**Task:**
Pull out every line below containing the word "obtain".

**Data for the task:**
lemma automorphism_image_edges:
  assumes sg: "simple_graph k Eg" and "\<pi> \<in> automorphisms k Eg"
  shows "(`) \<pi> ` Eg = Eg"
proof -
  have bij: "bij_betw \<pi> {..<k} {..<k}"
    and edge_iff: "\<And>i j. i < k \<Longrightarrow> j < k \<Longrightarrow> {\<pi> i, \<pi> j} \<in> Eg \<longleftrightarrow> {i, j} \<in> Eg"
    using assms(2) by (auto simp: automorphisms_def)
  show ?thesis
  proof (intro equalityI subsetI)
    fix e' assume "e' \<in> (`) \<pi> ` Eg"
    then obtain e where e: "e \<in> Eg" "e' = \<pi> ` e" by auto
    from e(1) show "e' \<in> Eg"
      by (elim simple_graph_edgeE[OF sg]) (use e edge_iff in auto)
  next
    fix e' assume "e' \<in> Eg"
    then obtain c d where cd: "c < k" "d < k" "e' = {c, d}"
      by (elim simple_graph_edgeE[OF sg])
    then obtain a b where "a < k" "b < k" "c = \<pi> a" "d = \<pi> b"
      using bij by (metis bij_betw_imp_surj_on imageE lessThan_iff)
    with cd \<open>e' \<in> Eg\<close> edge_iff show "e' \<in> (`) \<pi> ` Eg"
      by (intro image_eqI[where x="{a, b}"]) auto
  qed
qed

**Solution to this exercise:**
    then obtain e where e: "e \<in> Eg" "e' = \<pi> ` e" by auto
    then obtain c d where cd: "c < k" "d < k" "e' = {c, d}"
    then obtain a b where "a < k" "b < k" "c = \<pi> a" "d = \<pi> b"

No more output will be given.